Зима мягко и сыро лежала на крышах. С высоты Москва была зрелищем почерневших крестов, галок и кривых антенн. Над всем этим простиралось небо, невидное снизу, – очень простое и неширокое.
Батурин застрял в Москве из-за капитана. Капитан заехал по пути в Ростов и должен был оттуда прислать инструкции. Наконец они пришли.
Капитан писал:
«Выезжайте в Ростов. Думаю, след вы здесь найдете. Советую связаться со спекулянтами и скупщиками контрабанды. Уверен, что Пиррисон занялся контрабандой, соответствующей достоинству Соединенных Штатов, то есть спекуляцией золотом и драгоценностями. Держите постоянную связь. На Берга надежды мало, – он неизбежно собьется с пути в погоне за материалом для новой повести. Пусть его!»

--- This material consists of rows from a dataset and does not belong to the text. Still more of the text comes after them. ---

(* Let $\Omega\subset\mathbb{R}^n$ be a bounded open convex set with smooth boundary, let $\Lambda>0$, and let $u$ be a nonconstant continuous viscosity solution of $(N_\Lambda)$. Let $\Omega_1\subset\Omega$ be an open connected set and $m>0$ a constant such that $u\ge m$ on $\overline{\Omega_1}$. Then $u>m$ in $\Omega_1$.
   Context: $\nu$ denotes the outer unit normal to $\partial\Omega$, and $\Delta_\infty u=\sum_{i,j=1}^n u_{x_i}u_{x_ix_j}u_{x_j}$. For $\Lambda\ge 0$, problem $(N_\Lambda)$ is $$\min\{|\nabla u|-\Lambda|u|,-\Delta_\infty u\}=0 \text{ in }\{u>0\}\cap\Omega,\quad \max\{\Lambda|u|-|\nabla u|,-\Delta_\infty u\}=0 \text{ in }\{u<0\}\cap\Omega,\quad -\Delta_\infty u=0 \text{ in }\{u=0\}\cap\Omega,\quad \tfrac{\partial u}{\partial\nu}=0 \text{ on }\partial\Omega,$$ understood in the viscosity sense as follows. For $s\in\mathbb{R}$, $\xi\in\mathbb{R}^n$, $X$ a symmetric $n\times n$ matrix, let $F(s,\xi,X)=\min\{|\xi|-\Lambda|s|,-\langle X\xi,\xi\rangle\}$, $G(s,\xi,X)=\max\{\Lambda|s|-|\xi|,-\langle X\xi,\xi\rangle\}$, $H(X)=-\langle X\xi,\xi\rangle$ (evaluated at the same $\xi$). For a function $u$ and point $x_0$, let $E$ denote $F$ if $u(x_0)>0$, $G$ if $u(x_0)<0$, $H$ if $u(x_0)=0$. An upper semicontinuous $u$ on $\overline\Omega$ is a viscosity subsolution if: for every $x_0\in\Omega$ and $\phi\in C^2(\Omega)$ with $\phi(x_0)=u(x_0)$ and $u(x)<\phi(x)$ for $x\neq x_0$, one has $E(\phi(x_0),\nabla\phi(x_0),\nabla^2\phi(x_0))\le 0$; and for every $x_0\in\partial\Omega$ and $\phi\in C^2(\overline\Omega)$ with the same touching property, $\min\{E(\phi(x_0),\nabla\phi(x_0),\nabla^2\phi(x_0)),\frac{\partial\phi}{\partial\nu}(x_0)\}\le 0$. A lower semicontinuous $u$ is a viscosity supersolution if the same holds with $u(x)>\phi(x)$ for $x\ne x_0$, with "$E\le 0$" replaced by "$E\ge 0$" at interior points and with $\max\{E(\phi(x_0),\nabla\phi(x_0),\nabla^2\phi(x_0)),\frac{\partial\phi}{\partial\nu}(x_0)\}\ge 0$ at boundary points. A continuous $u$ is a viscosity solution if it is both a sub- and a supersolution. *)

theory Defs
  imports "HOL-Analysis.Analysis"
begin

definition grad :: "('a::euclidean_space \<Rightarrow> real) \<Rightarrow> 'a \<Rightarrow> 'a" where
  "grad f x = (SOME g. (f has_derivative (\<lambda>h. g \<bullet> h)) (at x))"

text \<open>Hessian as a linear map; the quadratic form X xi . xi is (hess f x xi) . xi\<close>
definition hess :: "('a::euclidean_space \<Rightarrow> real) \<Rightarrow> 'a \<Rightarrow> ('a \<Rightarrow> 'a)" where
  "hess f x = (SOME H. (grad f has_derivative H) (at x))"

fun Ck_on :: "nat \<Rightarrow> 'a::euclidean_space set \<Rightarrow> ('a \<Rightarrow> real) \<Rightarrow> bool" where
  "Ck_on 0 S f = continuous_on S f"
| "Ck_on (Suc k) S f = ((\<forall>x\<in>S. f differentiable (at x)) \<and>
                        (\<forall>v. Ck_on k S (\<lambda>x. grad f x \<bullet> v)))"

definition smooth_on :: "'a::euclidean_space set \<Rightarrow> ('a \<Rightarrow> real) \<Rightarrow> bool" where
  "smooth_on S f = (\<forall>k. Ck_on k S f)"

definition C2_closure :: "'a::euclidean_space set \<Rightarrow> ('a \<Rightarrow> real) \<Rightarrow> bool" where
  "C2_closure \<Omega> f = (\<exists>U. open U \<and> closure \<Omega> \<subseteq> U \<and> Ck_on 2 U f)"

definition local_defining_fun :: "'a::euclidean_space set \<Rightarrow> 'a \<Rightarrow> real \<Rightarrow> ('a \<Rightarrow> real) \<Rightarrow> bool" where
  "local_defining_fun \<Omega> x0 r \<rho> =
     (r > 0 \<and> smooth_on (ball x0 r) \<rho> \<and> (\<forall>x\<in>ball x0 r. grad \<rho> x \<noteq> 0) \<and>
      \<Omega> \<inter> ball x0 r = {x \<in> ball x0 r. \<rho> x < 0})"

definition smooth_boundary :: "'a::euclidean_space set \<Rightarrow> bool" where
  "smooth_boundary \<Omega> = (\<forall>x0\<in>frontier \<Omega>. \<exists>r \<rho>. local_defining_fun \<Omega> x0 r \<rho>)"

definition outer_normal :: "'a::euclidean_space set \<Rightarrow> 'a \<Rightarrow> 'a" where
  "outer_normal \<Omega> x0 = (SOME \<nu>. \<exists>r \<rho>. local_defining_fun \<Omega> x0 r \<rho> \<and>
                              \<nu> = grad \<rho> x0 /\<^sub>R norm (grad \<rho> x0))"

definition normal_deriv :: "'a::euclidean_space set \<Rightarrow> ('a \<Rightarrow> real) \<Rightarrow> 'a \<Rightarrow> real" where
  "normal_deriv \<Omega> \<phi> x0 = grad \<phi> x0 \<bullet> outer_normal \<Omega> x0"

definition opF :: "real \<Rightarrow> real \<Rightarrow> 'a::euclidean_space \<Rightarrow> ('a \<Rightarrow> 'a) \<Rightarrow> real" where
  "opF \<Lambda> s \<xi> X = min (norm \<xi> - \<Lambda> * \<bar>s\<bar>) (- (X \<xi> \<bullet> \<xi>))"

definition opG :: "real \<Rightarrow> real \<Rightarrow> 'a::euclidean_space \<Rightarrow> ('a \<Rightarrow> 'a) \<Rightarrow> real" where
  "opG \<Lambda> s \<xi> X = max (\<Lambda> * \<bar>s\<bar> - norm \<xi>) (- (X \<xi> \<bullet> \<xi>))"

definition opH :: "'a::euclidean_space \<Rightarrow> ('a \<Rightarrow> 'a) \<Rightarrow> real" where
  "opH \<xi> X = - (X \<xi> \<bullet> \<xi>)"

text \<open>E chosen according to the sign of u(x0) = phi(x0)\<close>
definition opE :: "real \<Rightarrow> real \<Rightarrow> 'a::euclidean_space \<Rightarrow> ('a \<Rightarrow> 'a) \<Rightarrow> real" where
  "opE \<Lambda> s \<xi> X = (if s > 0 then opF \<Lambda> s \<xi> X else if s < 0 then opG \<Lambda> s \<xi> X else opH \<xi> X)"

definition usc_on :: "'a::euclidean_space set \<Rightarrow> ('a \<Rightarrow> real) \<Rightarrow> bool" where
  "usc_on S u = (\<forall>x\<in>S. \<forall>e>0. \<forall>\<^sub>F y in at x within S. u y < u x + e)"

definition lsc_on :: "'a::euclidean_space set \<Rightarrow> ('a \<Rightarrow> real) \<Rightarrow> bool" where
  "lsc_on S u = (\<forall>x\<in>S. \<forall>e>0. \<forall>\<^sub>F y in at x within S. u y > u x - e)"

definition visc_subsol :: "real \<Rightarrow> 'a::euclidean_space set \<Rightarrow> ('a \<Rightarrow> real) \<Rightarrow> bool" where
  "visc_subsol \<Lambda> \<Omega> u =
    (usc_on (closure \<Omega>) u \<and>
     (\<forall>x0\<in>\<Omega>. \<forall>\<phi>. Ck_on 2 \<Omega> \<phi> \<and> \<phi> x0 = u x0 \<and> (\<forall>x\<in>\<Omega>. x \<noteq> x0 \<longrightarrow> u x < \<phi> x)
        \<longrightarrow> opE \<Lambda> (\<phi> x0) (grad \<phi> x0) (hess \<phi> x0) \<le> 0) \<and>
     (\<forall>x0\<in>frontier \<Omega>. \<forall>\<phi>. C2_closure \<Omega> \<phi> \<and> \<phi> x0 = u x0 \<and>
          (\<forall>x\<in>closure \<Omega>. x \<noteq> x0 \<longrightarrow> u x < \<phi> x)
        \<longrightarrow> min (opE \<Lambda> (\<phi> x0) (grad \<phi> x0) (hess \<phi> x0)) (normal_deriv \<Omega> \<phi> x0) \<le> 0))"

definition visc_supersol :: "real \<Rightarrow> 'a::euclidean_space set \<Rightarrow> ('a \<Rightarrow> real) \<Rightarrow> bool" where
  "visc_supersol \<Lambda> \<Omega> u =
    (lsc_on (closure \<Omega>) u \<and>
     (\<forall>x0\<in>\<Omega>. \<forall>\<phi>. Ck_on 2 \<Omega> \<phi> \<and> \<phi> x0 = u x0 \<and> (\<forall>x\<in>\<Omega>. x \<noteq> x0 \<longrightarrow> u x > \<phi> x)
        \<longrightarrow> opE \<Lambda> (\<phi> x0) (grad \<phi> x0) (hess \<phi> x0) \<ge> 0) \<and>
     (\<forall>x0\<in>frontier \<Omega>. \<forall>\<phi>. C2_closure \<Omega> \<phi> \<and> \<phi> x0 = u x0 \<and>
          (\<forall>x\<in>closure \<Omega>. x \<noteq> x0 \<longrightarrow> u x > \<phi> x)
        \<longrightarrow> max (opE \<Lambda> (\<phi> x0) (grad \<phi> x0) (hess \<phi> x0)) (normal_deriv \<Omega> \<phi> x0) \<ge> 0))"

definition visc_sol :: "real \<Rightarrow> 'a::euclidean_space set \<Rightarrow> ('a \<Rightarrow> real) \<Rightarrow> bool" where
  "visc_sol \<Lambda> \<Omega> u = (continuous_on (closure \<Omega>) u \<and> visc_subsol \<Lambda> \<Omega> u \<and> visc_supersol \<Lambda> \<Omega> u)"

end

theory Submission
  imports Defs
begin

text \<open>
  Suppose u(x0) \<le> m for some x0 in Omega1; since u \<ge> m on the
  closure of Omega1, x0 is a local minimum of u with value m > 0.  A viscosity
  supersolution of (N_Lambda) with Lambda > 0 cannot have a positive interior local
  minimum: the downward paraboloid  m - C |x - x0|^2  (C large, using a lower bound
  of u on Omega) touches u strictly from below at x0, is C^2, has zero gradient
  at x0, and there  F(m, 0, X) = min(-Lambda m, 0) < 0,  contradicting the
  supersolution inequality F \<ge> 0.
\<close>

lemma grad_eqI:
  fixes f :: "'a::euclidean_space \<Rightarrow> real"
  assumes deriv: "(f has_derivative (\<lambda>h. g \<bullet> h)) (at x)"
  shows "grad f x = g"
proof -
  let ?g = "SOME g. (f has_derivative (\<lambda>h. g \<bullet> h)) (at x)"
  have "(f has_derivative (\<lambda>h. ?g \<bullet> h)) (at x)"
    using someI_ex[of "\<lambda>g. (f has_derivative (\<lambda>h. g \<bullet> h)) (at x)"] deriv by blast
  then have "(\<lambda>h. ?g \<bullet> h) = (\<lambda>h. g \<bullet> h)"
    using has_derivative_unique deriv by blast
  then have "?g \<bullet> (?g - g) = g \<bullet> (?g - g)" by metis
  then have "(?g - g) \<bullet> (?g - g) = 0" by (simp add: inner_diff_left)
  then show ?thesis unfolding grad_def by simp
qed

definition paraboloid :: "real \<Rightarrow> real \<Rightarrow> 'a::euclidean_space \<Rightarrow> 'a \<Rightarrow> real" where
  "paraboloid m C x0 x = m - C * ((x - x0) \<bullet> (x - x0))"

lemma paraboloid_has_derivative:
  "(paraboloid m C x0 has_derivative (\<lambda>h. (- (2 * C) *\<^sub>R (x - x0)) \<bullet> h)) (at x)"
proof -
  have "(paraboloid m C x0 has_derivative
          (\<lambda>h. 0 - C * ((x - x0) \<bullet> h + h \<bullet> (x - x0)))) (at x)"
    unfolding paraboloid_def by (auto intro!: derivative_eq_intros)
  moreover have "(\<lambda>h. 0 - C * ((x - x0) \<bullet> h + h \<bullet> (x - x0)))
                 = (\<lambda>h. (- (2 * C) *\<^sub>R (x - x0)) \<bullet> h)"
    by (rule ext) (simp add: inner_commute algebra_simps)
  ultimately show ?thesis by simp
qed

lemma grad_paraboloid: "grad (paraboloid m C x0) x = - (2 * C) *\<^sub>R (x - x0)"
  by (rule grad_eqI[OF paraboloid_has_derivative])

lemma affine_has_derivative:
  fixes x0 v :: "'a::euclidean_space"
  shows "((\<lambda>x. (c *\<^sub>R (x - x0)) \<bullet> v) has_derivative (\<lambda>h. (c *\<^sub>R v) \<bullet> h)) (at x)"
proof -
  have "((\<lambda>x. c * ((x - x0) \<bullet> v)) has_derivative (\<lambda>h. c * (h \<bullet> v))) (at x)"
    by (auto intro!: derivative_eq_intros)
  then show ?thesis by (simp add: inner_commute)
qed

lemma paraboloid_C2: "Ck_on 2 S (paraboloid m C x0)"
proof -
  let ?c = "- (2 * C)"
  have grad_dir: "(\<lambda>x. grad (paraboloid m C x0) x \<bullet> v) = (\<lambda>x. (?c *\<^sub>R (x - x0)) \<bullet> v)" for v
    by (simp add: grad_paraboloid)
  have "grad (\<lambda>x. (?c *\<^sub>R (x - x0)) \<bullet> v) x = ?c *\<^sub>R v" for v x
    by (rule grad_eqI[OF affine_has_derivative])
  then have "Ck_on 1 S (\<lambda>x. (?c *\<^sub>R (x - x0)) \<bullet> v)" for v
    using affine_has_derivative[of ?c x0 v] by (auto simp: differentiable_def)
  moreover have "\<forall>x\<in>S. paraboloid m C x0 differentiable (at x)"
    using paraboloid_has_derivative unfolding differentiable_def by blast
  ultimately have "Ck_on (Suc 1) S (paraboloid m C x0)"
    unfolding Ck_on.simps(2)[of 1] grad_dir by blast
  then show ?thesis by (simp add: numeral_2_eq_2 del: Ck_on.simps)
qed

lemma opE_flat_positive:
  assumes "\<Lambda> > 0" and "s > 0"
  shows "opE \<Lambda> s 0 X < 0"
  using assms by (simp add: opE_def opF_def min_def)

text \<open>A paraboloid with apex at a local minimum of u, opened wide enough to pass
  below a global lower bound of u outside the ball, touches u strictly from below.\<close>
lemma paraboloid_below_local_min:
  fixes u :: "'a::euclidean_space \<Rightarrow> real"
  assumes r: "r > 0" and lower: "\<forall>x\<in>S. u x \<ge> L"
    and min: "\<forall>x\<in>ball x0 r. u x \<ge> u x0" and L: "L \<le> u x0"
  defines "C \<equiv> (u x0 - L + 1) / r^2"
  shows "\<forall>x\<in>S. x \<noteq> x0 \<longrightarrow> u x > paraboloid (u x0) C x0 x"
proof (intro ballI impI)
  fix x assume x: "x \<in> S" "x \<noteq> x0"
  have C_pos: "C > 0" unfolding C_def using r L by simp
  have sq: "(x - x0) \<bullet> (x - x0) = (dist x x0)^2"
    by (simp add: dist_norm power2_norm_eq_inner)
  show "u x > paraboloid (u x0) C x0 x"
  proof (cases "dist x x0 < r")
    case True
    then have "u x \<ge> u x0" using min by (simp add: dist_commute)
    moreover have "C * ((x - x0) \<bullet> (x - x0)) > 0" using C_pos x(2) by simp
    ultimately show ?thesis unfolding paraboloid_def by simp
  next
    case False
    then have "C * r^2 \<le> C * ((x - x0) \<bullet> (x - x0))"
      using r C_pos sq by (simp add: power_mono)
    moreover have "C * r^2 = u x0 - L + 1" unfolding C_def using r by simp
    moreover have "u x \<ge> L" using lower x(1) by blast
    ultimately show ?thesis unfolding paraboloid_def by linarith
  qed
qed

lemma supersol_no_positive_local_min:
  fixes u :: "'a::euclidean_space \<Rightarrow> real"
  assumes super: "visc_supersol \<Lambda> \<Omega> u" and \<Lambda>: "\<Lambda> > 0"
    and lower: "\<forall>x\<in>\<Omega>. u x \<ge> L"
    and x0: "x0 \<in> \<Omega>" and r: "r > 0" and min: "\<forall>x\<in>ball x0 r. u x \<ge> u x0"
    and pos: "u x0 > 0"
  shows False
proof -
  define C where "C = (u x0 - L + 1) / r^2"
  let ?\<phi> = "paraboloid (u x0) C x0"
  have touches: "\<forall>x\<in>\<Omega>. x \<noteq> x0 \<longrightarrow> u x > ?\<phi> x"
    using paraboloid_below_local_min[OF r lower min] lower x0 unfolding C_def by blast
  have "?\<phi> x0 = u x0" by (simp add: paraboloid_def)
  then have "opE \<Lambda> (?\<phi> x0) (grad ?\<phi> x0) (hess ?\<phi> x0) \<ge> 0"
    using super x0 touches paraboloid_C2 unfolding visc_supersol_def by blast
  moreover have "opE \<Lambda> (?\<phi> x0) (grad ?\<phi> x0) (hess ?\<phi> x0) < 0"
    using opE_flat_positive[OF \<Lambda> pos] by (simp add: grad_paraboloid paraboloid_def)
  ultimately show False by simp
qed

lemma continuous_closure_bounded_below:
  fixes u :: "'a::euclidean_space \<Rightarrow> real"
  assumes "bounded \<Omega>" and "continuous_on (closure \<Omega>) u"
  obtains L where "\<forall>x\<in>\<Omega>. u x \<ge> L"
proof -
  have "bounded (u ` closure \<Omega>)"
    using assms compact_closure compact_continuous_image compact_imp_bounded by blast
  then obtain B where "\<forall>x\<in>closure \<Omega>. \<bar>u x\<bar> \<le> B"
    unfolding bounded_iff by auto
  then have "\<forall>x\<in>\<Omega>. u x \<ge> - B" using closure_subset by force
  then show ?thesis using that by blast
qed

theorem lemma3:
  fixes \<Omega> \<Omega>1 :: "'a::euclidean_space set" and u :: "'a \<Rightarrow> real" and \<Lambda> m :: real
  assumes "open \<Omega>" and "bounded \<Omega>" and "convex \<Omega>" and "smooth_boundary \<Omega>"
    and "\<Lambda> > 0"
    and "visc_sol \<Lambda> \<Omega> u"
    and "\<not> (\<exists>c. \<forall>x\<in>closure \<Omega>. u x = c)"
    and "open \<Omega>1" and "connected \<Omega>1" and "\<Omega>1 \<subseteq> \<Omega>"
    and "m > 0" and "\<forall>x\<in>closure \<Omega>1. u x \<ge> m"
  shows "\<forall>x\<in>\<Omega>1. u x > m"
proof (rule ccontr)
  assume "\<not> (\<forall>x\<in>\<Omega>1. u x > m)"
  then obtain x0 where x0: "x0 \<in> \<Omega>1" "\<not> u x0 > m" by blast
  have ge_m: "\<forall>x\<in>\<Omega>1. u x \<ge> m" using assms(12) closure_subset by blast
  then have ux0: "u x0 = m" using x0 by force
  obtain r where r: "r > 0" "ball x0 r \<subseteq> \<Omega>1"
    using x0(1) assms(8) open_contains_ball by blast
  have local_min: "\<forall>x\<in>ball x0 r. u x \<ge> u x0" using r(2) ge_m ux0 by auto
  obtain L where "\<forall>x\<in>\<Omega>. u x \<ge> L"
    using continuous_closure_bounded_below assms(2,6) unfolding visc_sol_def by blast
  moreover have "visc_supersol \<Lambda> \<Omega> u" using assms(6) unfolding visc_sol_def by blast
  ultimately show False
    using supersol_no_positive_local_min[OF _ assms(5) _ _ r(1) local_min] x0(1) assms(10,11) ux0
    by blast
qed

end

В апреле Батурин уехал. Провожала его одна Наташа, – инженер плевал кровью (весна была жидкая, навозная).
До Воронежа земля туманилась от моросящего дождя. Он плескал по лужам на пустых станциях. Батурин первый раз проезжал по этой части России. Ее неизмеримое уныние даже понравилось ему. Вот куда бы уйти отдыхать, бродяжить по-настоящему, а не по театральным крымским шоссе.
Под Ростовом была сырая, но теплая весна. Станицы зеленели в степи, закаты вполнеба горели на лакированных стенках вагонов. Батурин висел в окне вместе с четырехлетним мальчиком Юрой. Они сдружились и разговаривали, сталкиваясь головами.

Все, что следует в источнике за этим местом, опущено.